I remember that I had fixed it somehow in the utils.py from the llama_core package

def default_parse_choice_select_answer_fn(
    answer: str, num_choices: int, raise_error: bool = False
) -> Tuple[List[int], List[float]]:
    """Default parse choice select answer function."""
    answer_lines = answer.split("\n")
    answer_nums = []
    answer_relevances = []
    for answer_line in answer_lines:
        line_tokens = answer_line.split(",")
        if len(line_tokens) != 2:
            if not raise_error:
                continue
            else:
                raise ValueError(
                    f"Invalid answer line: {answer_line}. "
                    "Answer line must be of the form: "
                    "answer_num: <int>, answer_relevance: <float>"
                )
        answer_num = int(line_tokens[0].split(":")[1].strip())
        if answer_num > num_choices:
            continue
        answer_nums.append(answer_num)
        # extract just the first digits after the colon.
        _answer_relevance = re.findall(r"\d+", line_tokens[1].split(":")[1].strip())[0]
        answer_relevances.append(float(_answer_relevance))
    return answer_nums, answer_relevances

But after updating I cant remember what the issue was or how I had fixed it. I am prompting the engine with quite the long thing so thats what is maybe causing its malformed response.

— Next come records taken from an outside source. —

(* For $\mathbb P_F$-almost every realization $f:\mathbb Z\to[-c,c]$ of $F$ the following holds: if $(t_n)$ is a sequence with $t_n\ge1$ and $t_n\to t$, then \[ \lim_{n\to\infty}\frac{\bar A(B,f;\lceil t_nn\rceil,n)}{n}=-t\,\Lambda(1/t)\quad\mathbb P_B\text{-almost surely}, \qquad \lim_{n\to\infty}\frac{\mathbb E_B\bar A(B,f;\lceil t_nn\rceil,n)}{n}=-t\,\Lambda(1/t). \]
   Context: Let $c>0$, $q>0$, $\kappa>-1$. $F=(F(x))_{x\in\mathbb Z}$ and $B=(B(i))_{i\in\mathbb Z}$ are mutually independent families of i.i.d. random variables, $\mathbb P(B(i)=\pm1)=1/2$, and $F(x)$ has a density $\varrho$ that is even, continuous, strictly positive on $(-c,c)$, zero outside $(-c,c)$, with $\lim_{x\to c}\varrho(x)/|c-x|^{\kappa}=q$. $\mathbb P_F,\mathbb P_B$ denote the laws of $F$ and $B$, and $\mathbb E_B$ expectation over $B$ only. A lazy walk satisfies $|\gamma(i+1)-\gamma(i)|\le1$; for $f:\mathbb Z\to[-c,c]$ the action of a lazy walk $\gamma$ on $\{0,\dots,m\}$ is $A(B,f;\gamma)=\sum_{i=1}^mB(i)f(\gamma(i))$, and $\bar A(B,f;m,k)$ is the minimal action over lazy walks from $(0,0)$ to $(m,k)$. The shape function $\Lambda:[-1,1]\to[0,c]$ is the deterministic function with $\bar A(B,F;n,[\alpha n])/n\to-\Lambda(\alpha)$ almost surely, $[\cdot]$ rounding towards $0$. *)

theory Defs
  imports "HOL-Probability.Probability"
begin
theorem mainTheorem12:
  fixes d :: "'a \<Rightarrow> 'a \<Rightarrow> ennreal"
  assumes "gms d"
  shows
    "(\<forall>S. S \<noteq> {} \<and> (\<forall>G\<in>S. wfil d G) \<longrightarrow> (\<exists>F. is_lub d S F))
   \<and> (\<forall>F. wfil d F \<longrightarrow>
        is_lub d {seq_filter x |x. fwd_cauchy d x \<and> conv d (seq_filter x) F} F)
   \<and> (\<forall>F. is_filt F \<and> flat d F \<longrightarrow>
        (\<exists>S. S \<noteq> {} \<and> S \<subseteq> {seq_filter x |x. fwd_cauchy d x} \<and> directed_fam d S
             \<and> is_lub d S F))
   \<and> (\<forall>S G. S \<noteq> {} \<and> S \<subseteq> {seq_filter x |x. fwd_cauchy d x} \<and> directed_fam d S
             \<and> is_lub d S G \<longrightarrow>
        (\<exists>F. is_filt F \<and> flat d F \<and> conv d F G \<and> conv d G F))"
proof (intro conjI allI impI; (elim conjE)?)
  show "\<exists>F. is_lub d S F" if "S \<noteq> {}" "\<forall>G\<in>S. wfil d G" for S :: "'a set set set"
    using is_lub_Inter[OF that] by blast
  show "is_lub d {seq_filter x |x. fwd_cauchy d x \<and> conv d (seq_filter x) F} F" if "wfil d F" for F
    using is_lub_approximants[OF assms that] .
  show "\<exists>S. S \<noteq> {} \<and> S \<subseteq> {seq_filter x |x. fwd_cauchy d x} \<and> directed_fam d S \<and> is_lub d S F"
    if "is_filt F" "flat d F" for F
    using flat_is_lub_of_directed_approximants[OF assms that] .
  show "\<exists>F. is_filt F \<and> flat d F \<and> conv d F G \<and> conv d G F"
    if "S \<noteq> {}" "S \<subseteq> {seq_filter x |x. fwd_cauchy d x}" "directed_fam d S" "is_lub d S G" for S G
    using directed_cauchy_lub_equiv_flat[OF assms that] .
qed

end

cranyy avatar Apr 24 '24 02:04 cranyy

This is because the answer from the LLM is incorrect. What is your model? prefer gpt-4-turbo.

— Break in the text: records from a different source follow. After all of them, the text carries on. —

lemma abs_diff_le_on_cball:
  fixes \<phi> :: "'a::euclidean_space \<Rightarrow> real" and G :: "'a \<Rightarrow> 'a" and H :: "'a \<Rightarrow> ('a \<Rightarrow>\<^sub>L 'a)"
  assumes \<eta>: "\<eta> > 0"
    and D1: "\<forall>z\<in>cball x \<eta>. (\<phi> has_derivative (\<lambda>h. G z \<bullet> h)) (at z within cball x \<eta>)"
    and D1c: "continuous_on (cball x \<eta>) G"
    and D2: "\<forall>z\<in>cball x \<eta>. (G has_derivative blinfun_apply (H z)) (at z within cball x \<eta>)"
    and D2c: "continuous_on (cball x \<eta>) H"
    and a: "a \<in> cball x \<eta>" and b: "b \<in> cball x \<eta>"
  shows "\<bar>\<phi> a - \<phi> b\<bar> \<le> (norm (G x) + (SUP z\<in>ball x \<eta>. norm (H z)) * \<eta>) * norm (a - b)"
proof -
  define L where "L = norm (G x) + (SUP z\<in>ball x \<eta>. norm (H z)) * \<eta>"
  have G_le: "norm (G z) \<le> L" if "z \<in> cball x \<eta>" for z
    unfolding L_def
  proof (rule norm_le_on_cball_of_derivative_bound[OF \<eta> _ D1c _ that])
    show "(G has_derivative blinfun_apply (H z)) (at z within ball x \<eta>)" if "z \<in> ball x \<eta>" for z
      using D2 that by (meson ball_subset_cball has_derivative_subset subsetD)
  qed (rule norm_le_SUP_norm_ball[OF D2c])
  have "norm (\<phi> a - \<phi> b) \<le> L * norm (a - b)"
  proof (rule differentiable_bound[OF convex_cball _ _ a b])
    show "(\<phi> has_derivative (\<lambda>h. G z \<bullet> h)) (at z within cball x \<eta>)" if "z \<in> cball x \<eta>" for z
      using D1 that by auto
    show "onorm (\<lambda>h. G z \<bullet> h) \<le> L" if "z \<in> cball x \<eta>" for z
    proof (rule onorm_bound)
      show "0 \<le> L" using G_le[OF that] norm_ge_zero[of "G z"] by linarith
      show "norm (G z \<bullet> h) \<le> L * norm h" for h
        using Cauchy_Schwarz_ineq2[of "G z" h] mult_right_mono[OF G_le[OF that] norm_ge_zero[of h]]
        by simp
    qed
  qed
  then show ?thesis by (simp add: L_def)
qed
(* Let $r\ge3$, $n\ge r+1$. For every $e\in V_\omega$ we have $R.e=(F_1F_2\cdots F_r).e$ and $R^{-1}.e=(E_{r-1}E_{r-2}\cdots E_1)E_n.e$.
   Context: $V$ is the $\mathbb{Q}(v)$-space with basis $e_t$ ($t\in\mathbb{Z}$); $E_i,F_i,K_i$ ($1\le i\le n$) act by $E_ie_{t+1}=e_t$ if $i\equiv t\pmod n$ and $0$ otherwise, $F_ie_t=e_{t+1}$ if $i\equiv t\pmod n$ and $0$ otherwise, $K_ie_t=ve_t$ if $i\equiv t\pmod n$ and $e_t$ otherwise; $R^{\pm1}e_t=e_{t\pm1}$. On $V^{\otimes r}$ these act via iterated comultiplication $\Delta(E_i)=E_i\otimes K_iK_{i+1}^{-1}+1\otimes E_i$, $\Delta(F_i)=K_i^{-1}K_{i+1}\otimes F_i+F_i\otimes1$, $\Delta(X)=X\otimes X$ for $X\in\{K_i^{\pm1},R^{\pm1}\}$ (indices mod $n$). The weight of a basis tensor $e_{t_1}\otimes\cdots\otimes e_{t_r}$ is $\lambda\in\mathbb{Z}_{\ge0}^n$ with $\lambda_i=|\{j:t_j\equiv i\pmod n\}|$; $V_\lambda$ is the span of basis tensors of weight $\lambda$. $\omega=(1,\dots,1,0,\dots,0)$ with $r$ ones and $n-r$ zeros. *)

theory Defs
  imports "HOL-Computational_Algebra.Fraction_Field" "HOL-Computational_Algebra.Polynomial"
begin

type_synonym Qv = "rat poly fract"

definition qv :: Qv where "qv = Fraction_Field.Fract [:0, 1:] 1"

text \<open>Elements of the tensor power V^{\<otimes> r}: coefficient functions on basis tensors
  e_{t_1} \<otimes> ... \<otimes> e_{t_r}, indexed by lists [t_1,...,t_r].\<close>
type_synonym 'a tvec = "int list \<Rightarrow> 'a"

seehi avatar Apr 24 '24 02:04 seehi

I am using gpt-4-turbo-preview which I have always been using it and it used to work properly because i remember fixing this once and i remember that this specific code caused the issue as the answer could sometimes be a weird problematic response. --- And after some testing I remember that the issue is when the answer from the query provides a list with colons in it it screws up the process, so it doesnt matter what LLM you are using, if it returns a Value1: key1, key2 key then value2: key, key key it breaks and leads to an empty response INFO | llama_index.core.indices.utils:default_parse_choice_select_answer_fn:97 - Processing answer line: - **OI**: 22 2024-04-24 06:54:39.293 | WARNING | llama_index.core.indices.utils:default_parse_choice_select_answer_fn:100 - Invalid answer line format: - **OI**: 22 2024-04-24 06:54:39.294 | INFO | llama_index.core.indices.utils:default_parse_choice_select_answer_fn:97 - Processing answer line: - **Volume**: 140 2024-04-24 06:54:39.295 | WARNING | llama_index.core.indices.utils:default_parse_choice_select_answer_fn:100 - Invalid answer line format: - **Volume**: 140 2024-04-24 06:54:39.295 | INFO | llama_index.core.indices.utils:default_parse_choice_select_answer_fn:97 - Processing answer line: - **Mark**: 5.365 2024-04-24 06:54:39.296 | WARNING | llama_index.core.indices.utils:default_parse_choice_select_answer_fn:100 - Invalid answer line format: - **Mark**: 5.365 I cant be bothered to fix it in the code now so i just hardcoded my prompt to never use ":"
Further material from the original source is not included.